| RECORDS FOR THE TASK |

theorem mainTheorem2:
  fixes x y n :: nat
  assumes "x \<ge> 1" and "y \<ge> 1"
  shows "(n = x + y \<longrightarrow>
            (edge_counts x y n \<noteq> {} \<longrightarrow> min x y = 1) \<and>
            (min x y = 1 \<longrightarrow> edge_counts x y n \<noteq> {} \<and> Max (edge_counts x y n) = max x y))
       \<and> (n > x + y \<longrightarrow>
            edge_counts x y n \<noteq> {} \<and> Max (edge_counts x y n) = 2 * n - x - y - 2)"
proof (intro conjI impI)
  assume "n = x + y" "edge_counts x y n \<noteq> {}"
  then show "min x y = 1"
    using edge_counts_order_eq assms by blast
next
  assume n: "n = x + y" and min: "min x y = 1"
  then have "x + y - 1 = max x y"
    by linarith
  then have mem: "max x y \<in> edge_counts x y n"
    using extremal_card_in_edge_counts[of x y n] assms n min by simp
  then show "edge_counts x y n \<noteq> {}"
    by blast
  show "Max (edge_counts x y n) = max x y"
    using mem edge_counts_order_eq(2) assms n min by (intro Max_nat_eqI) fastforce+
next
  assume n: "x + y < n"
  then have mem: "2 * n - x - y - 2 \<in> edge_counts x y n"
    using extremal_card_in_edge_counts[of x y n] assms by simp
  then show "edge_counts x y n \<noteq> {}"
    by blast
  show "Max (edge_counts x y n) = 2 * n - x - y - 2"
    using mem edge_counts_order_gt n by (intro Max_nat_eqI) fastforce+
qed

end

| TASK TO CARRY OUT |
Which lines contain "using"? Copy each of them from the listing.

| YOUR SOLUTION |
    using edge_counts_order_eq assms by blast
    using extremal_card_in_edge_counts[of x y n] assms n min by simp
    using mem edge_counts_order_eq(2) assms n min by (intro Max_nat_eqI) fastforce+
    using extremal_card_in_edge_counts[of x y n] assms by simp
    using mem edge_counts_order_gt n by (intro Max_nat_eqI) fastforce+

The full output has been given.